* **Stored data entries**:
== Segment start ==
lemma eigval_pair:
  assumes "a < d" "b < d"
  shows "eigval d (a * d + b) = (if a = b then (1 + zeta d ^ b) / 2 else omega d ^ a * cnj (omega d ^ b) / 2)"
  using assms unfolding eigval_def is_diag_index_def by simp

lemma sum_eigval:
  assumes "1 < d"
  shows "(\<Sum>i<d * d. eigval d i) = 1 / 2 * ((\<Sum>a<d. omega d ^ a) * cnj (\<Sum>a<d. omega d ^ a))"
proof -
  have "(\<Sum>i<d * d. eigval d i) = 1 / 2 * ((\<Sum>a<d. omega d ^ a) * cnj (\<Sum>a<d. omega d ^ a))
      + (\<Sum>a<d. (zeta d ^ 1) ^ a / 2)"
    by (rule sum_rank_one_plus_diagonal) (auto simp: eigval_pair)
  moreover have "(\<Sum>a<d. (zeta d ^ 1) ^ a / 2) = 0"
    using zeta_pow_geometric_sum[of 1 d] assms by (simp flip: sum_divide_distrib)
  ultimately show ?thesis
    by simp
qed

text \<open>Second moment: the squares of the eigenvalues sum to zero when d > 2, because the
  diagonal contributions only involve \<Sigma> \<zeta>^a and \<Sigma> \<zeta>^(2a).\<close>
lemma sum_eigval_sq:
  assumes "2 < d"
  shows "(\<Sum>i<d * d. eigval d i ^ 2) = 0"
proof -
  have "(\<Sum>i<d * d. eigval d i ^ 2) = 1 / 4 * ((\<Sum>a<d. zeta d ^ a) * cnj (\<Sum>a<d. zeta d ^ a))
      + (\<Sum>a<d. (2 * zeta d ^ a + (zeta d ^ 2) ^ a) / 4)"
  proof (rule sum_rank_one_plus_diagonal)
    fix a b
    assume ab: "a < d" "b < d"
    have sq: "(omega d ^ k) ^ 2 = zeta d ^ k" for k
      unfolding zeta_def by (simp flip: power_mult add: mult.commute)
    show "eigval d (a * d + b) ^ 2 = 1 / 4 * (zeta d ^ a * cnj (zeta d ^ b))
        + (if a = b then (2 * zeta d ^ a + (zeta d ^ 2) ^ a) / 4 else 0)"
    proof (cases "a = b")
      case True
      have "zeta d ^ a * cnj (zeta d ^ a) = 1"
        by (rule unit_mult_cnj) simp
      moreover have "(zeta d ^ 2) ^ a = (zeta d ^ a) ^ 2"
        by (simp flip: power_mult add: mult.commute)
      ultimately show ?thesis
        unfolding eigval_pair[OF ab] using True by (simp add: power2_eq_square field_simps)
    next
      case False
      have "(omega d ^ a * cnj (omega d ^ b) / 2) ^ 2 = (omega d ^ a) ^ 2 * cnj ((omega d ^ b) ^ 2) / 4"
        by (simp add: power_mult_distrib power_divide)
      then show ?thesis
        using False ab by (simp only: eigval_pair sq if_False) simp
    qed
  qed
  also have "\<dots> = 0"
    using zeta_pow_geometric_sum[of 1 d] zeta_pow_geometric_sum[of 2 d] assms
    by (simp add: sum.distrib flip: sum_divide_distrib sum_distrib_left)
  finally show ?thesis .
qed
lemma cadj_in_bounded_ops:
  assumes T: "(T::'a::chilbert_space \<Rightarrow> 'a) \<in> bounded_ops"
  shows "cadj T \<in> bounded_ops"
proof -
  obtain K where K: "K \<ge> 0" "\<And>x. norm (T x) \<le> norm x * K"
    using bounded_opsD(3)[OF T] by blast
  have "norm (cadj T y) \<le> norm y * K" for y
  proof -
    have "(norm (cadj T y))\<^sup>2 = Re (cinner (T (cadj T y)) y)"
      by (simp add: norm_sq_eq_Re_cinner cinner_cadj[OF T])
    also have "\<dots> \<le> norm (T (cadj T y)) * norm y"
      using complex_Re_le_cmod cinner_cauchy_schwarz order_trans by blast
    also have "\<dots> \<le> norm (cadj T y) * (norm y * K)"
      using mult_right_mono[OF K(2)[of "cadj T y"], of "norm y"] by (simp add: ac_simps)
    finally have "norm (cadj T y) * norm (cadj T y) \<le> norm (cadj T y) * (norm y * K)"
      by (simp add: power2_eq_square)
    then show ?thesis
      using K(1) by (cases "cadj T y = 0") (simp_all add: mult_le_cancel_left_pos)
  qed
  moreover have "cadj T (a + b) = cadj T a + cadj T b" for a b
    by (rule cinner_ext) (simp add: cinner_cadj[OF T, symmetric] cinner_add_right)
  moreover have "cadj T (scaleC c a) = scaleC c (cadj T a)" for c a
    by (rule cinner_ext) (simp add: cinner_cadj[OF T, symmetric] cinner_scaleC_right)
  ultimately show ?thesis unfolding bounded_ops_def by blast
qed

lemma cadj_add:
  assumes "(S::'a::chilbert_space \<Rightarrow> 'a) \<in> bounded_ops" "T \<in> bounded_ops"
  shows "cadj (\<lambda>x. S x + T x) = (\<lambda>y. cadj S y + cadj T y)"
  by (rule cadj_unique)
    (simp add: cinner_add_left cinner_add_right cinner_cadj[OF assms(1)] cinner_cadj[OF assms(2)])

lemma cadj_scale:
  assumes "(T::'a::chilbert_space \<Rightarrow> 'a) \<in> bounded_ops"
  shows "cadj (op_scale c T) = op_scale (cnj c) (cadj T)"
  by (rule cadj_unique)
    (simp add: op_scale_def cinner_scaleC_left cinner_scaleC_right cinner_cadj[OF assms])

lemma op_Re_conv_op_scale:
  "op_Re T = (\<lambda>x. op_scale (1/2) T x + op_scale (1/2) (cadj T) x)"
  unfolding op_Re_def op_scale_def by (simp add: scaleR_scaleC scaleC_add_right)

lemma op_Re_in_bounded_ops:
  assumes "(T::'a::chilbert_space \<Rightarrow> 'a) \<in> bounded_ops"
  shows "op_Re T \<in> bounded_ops"
  unfolding op_Re_conv_op_scale
  by (intro bounded_ops_add bounded_ops_scale cadj_in_bounded_ops assms)
lemma permutes_exists_less:
  fixes p :: "'n::{finite,linorder} \<Rightarrow> 'n"
  assumes p: "p permutes UNIV" and "p \<noteq> id"
  shows "\<exists>i. p i < i"
proof (rule ccontr)
  assume "\<not> ?thesis"
  then have ge: "i \<le> p i" for i by (auto simp: not_less)
  let ?D = "{k. p k \<noteq> k}"
  define i where "i = Max ?D"
  have "i \<in> ?D"
    unfolding i_def using \<open>p \<noteq> id\<close> by (intro Max_in) auto
  then have lt: "i < p i" using ge[of i] by auto
  \<comment> \<open>\<open>p i\<close> is beyond the largest moved point, so it is fixed, contradicting injectivity.\<close>
  have "p i \<notin> ?D"
    using lt Max_ge[of ?D "p i"] unfolding i_def[symmetric] by fastforce
  then have "p (p i) = p i" by simp
  then have "p i = i" using permutes_inj[OF p] by (meson injD)
  with lt show False by simp
qed

lemma det_upper_triangular:
  fixes R :: "real^('n::{finite,linorder})^('n::{finite,linorder})"
  assumes "upper_triangular R"
  shows "det R = (\<Prod>i\<in>UNIV. R $ i $ i)"
proof -
  have vanish: "\<forall>p \<in> {p. p permutes UNIV} - {id}. of_int (sign p) * (\<Prod>i\<in>UNIV. R $ i $ p i) = 0"
  proof
    fix p :: "'n \<Rightarrow> 'n" assume "p \<in> {p. p permutes UNIV} - {id}"
    then obtain i where "p i < i"
      using permutes_exists_less by blast
    then have "R $ i $ p i = 0"
      using assms by (simp add: upper_triangular_def)
    then show "of_int (sign p) * (\<Prod>i\<in>UNIV. R $ i $ p i) = 0" by auto
  qed
  have "{id} \<subseteq> {p. p permutes (UNIV :: 'n set)}"
    by (simp add: permutes_id)
  from sum.mono_neutral_cong_left[OF finite_permutations[OF finite] this vanish]
  show ?thesis
    unfolding det_def by (simp add: sign_id)
qed
text \<open>This provides the translates in the Powers property.\<close>
lemma iterates_disjoint_translates:
  assumes "inj f" and "0 < e" and into: "\<forall>n\<ge>e. (f ^^ n) ` (UNIV - U) \<subseteq> U" and "i \<noteq> j"
  shows "(f ^^ (i * e)) ` (UNIV - U) \<inter> (f ^^ (j * e)) ` (UNIV - U) = {}"
proof -
  have no_meet: "(f ^^ (i * e)) y1 \<noteq> (f ^^ (j * e)) y2"
    if "i < j" "y1 \<notin> U" "y2 \<notin> U" for i j y1 y2
  proof
    assume eq: "(f ^^ (i * e)) y1 = (f ^^ (j * e)) y2"
    obtain k where k: "0 < k" "i + k = j" using \<open>i < j\<close> less_imp_add_positive by blast
    have "(f ^^ (j * e)) y2 = (f ^^ (i * e)) ((f ^^ (k * e)) y2)"
      unfolding k(2)[symmetric] add_mult_distrib funpow_add by simp
    then have "y1 = (f ^^ (k * e)) y2"
      using eq inj_fn[OF \<open>inj f\<close>] by (metis injD)
    moreover have "(f ^^ (k * e)) ` (UNIV - U) \<subseteq> U"
      using into \<open>0 < k\<close> by simp
    ultimately show False using \<open>y1 \<notin> U\<close> \<open>y2 \<notin> U\<close> by auto
  qed
  show ?thesis
  proof (cases "i < j")
    case True
    then show ?thesis using no_meet[of i j] by auto
  next
    case False
    then have "j < i" using \<open>i \<noteq> j\<close> by simp
    then show ?thesis using no_meet[of j i] by (auto simp: eq_commute)
  qed
qed

lemma moved_point_neighbourhood:
  fixes x :: "'a::t2_space"
  assumes "finite F" and "\<forall>f\<in>F. continuous_on UNIV f \<and> f x \<noteq> x"
  shows "\<exists>U. open U \<and> x \<in> U \<and> (\<forall>f\<in>F. f ` U \<inter> U = {})"
proof -
  have "\<forall>f\<in>F. \<exists>A B. open A \<and> open B \<and> x \<in> A \<and> f x \<in> B \<and> A \<inter> B = {}"
    using assms(2) hausdorff by metis
  then obtain A B where AB: "\<forall>f\<in>F. open (A f) \<and> open (B f) \<and> x \<in> A f \<and> f x \<in> B f \<and> A f \<inter> B f = {}"
    by metis
  define U where "U = (\<Inter>f\<in>F. A f \<inter> f -` B f)"
  have "open U" unfolding U_def
  proof (rule open_INT[OF \<open>finite F\<close>], intro ballI open_Int)
    fix f assume "f \<in> F"
    then show "open (A f)" "open (f -` B f)"
      using AB assms(2) continuous_on_open_vimage[of UNIV f] by auto
  qed
  moreover have "x \<in> U" unfolding U_def using AB by auto
  moreover have "f ` U \<inter> U = {}" if "f \<in> F" for f
    using AB that unfolding U_def by blast
  ultimately show ?thesis by blast
qed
== Segment end ==
* **Problem**:
Although the records may continue, retype only the lines from the first one through the one containing "(zeta d ^ b))", exactly as they appear.

* **Answer below**:
lemma eigval_pair:
  assumes "a < d" "b < d"
  shows "eigval d (a * d + b) = (if a = b then (1 + zeta d ^ b) / 2 else omega d ^ a * cnj (omega d ^ b) / 2)"
  using assms unfolding eigval_def is_diag_index_def by simp

lemma sum_eigval:
  assumes "1 < d"
  shows "(\<Sum>i<d * d. eigval d i) = 1 / 2 * ((\<Sum>a<d. omega d ^ a) * cnj (\<Sum>a<d. omega d ^ a))"
proof -
  have "(\<Sum>i<d * d. eigval d i) = 1 / 2 * ((\<Sum>a<d. omega d ^ a) * cnj (\<Sum>a<d. omega d ^ a))
      + (\<Sum>a<d. (zeta d ^ 1) ^ a / 2)"
    by (rule sum_rank_one_plus_diagonal) (auto simp: eigval_pair)
  moreover have "(\<Sum>a<d. (zeta d ^ 1) ^ a / 2) = 0"
    using zeta_pow_geometric_sum[of 1 d] assms by (simp flip: sum_divide_distrib)
  ultimately show ?thesis
    by simp
qed

text \<open>Second moment: the squares of the eigenvalues sum to zero when d > 2, because the
  diagonal contributions only involve \<Sigma> \<zeta>^a and \<Sigma> \<zeta>^(2a).\<close>
lemma sum_eigval_sq:
  assumes "2 < d"
  shows "(\<Sum>i<d * d. eigval d i ^ 2) = 0"
proof -
  have "(\<Sum>i<d * d. eigval d i ^ 2) = 1 / 4 * ((\<Sum>a<d. zeta d ^ a) * cnj (\<Sum>a<d. zeta d ^ a))
      + (\<Sum>a<d. (2 * zeta d ^ a + (zeta d ^ 2) ^ a) / 4)"
  proof (rule sum_rank_one_plus_diagonal)
    fix a b
    assume ab: "a < d" "b < d"
    have sq: "(omega d ^ k) ^ 2 = zeta d ^ k" for k
      unfolding zeta_def by (simp flip: power_mult add: mult.commute)
    show "eigval d (a * d + b) ^ 2 = 1 / 4 * (zeta d ^ a * cnj (zeta d ^ b))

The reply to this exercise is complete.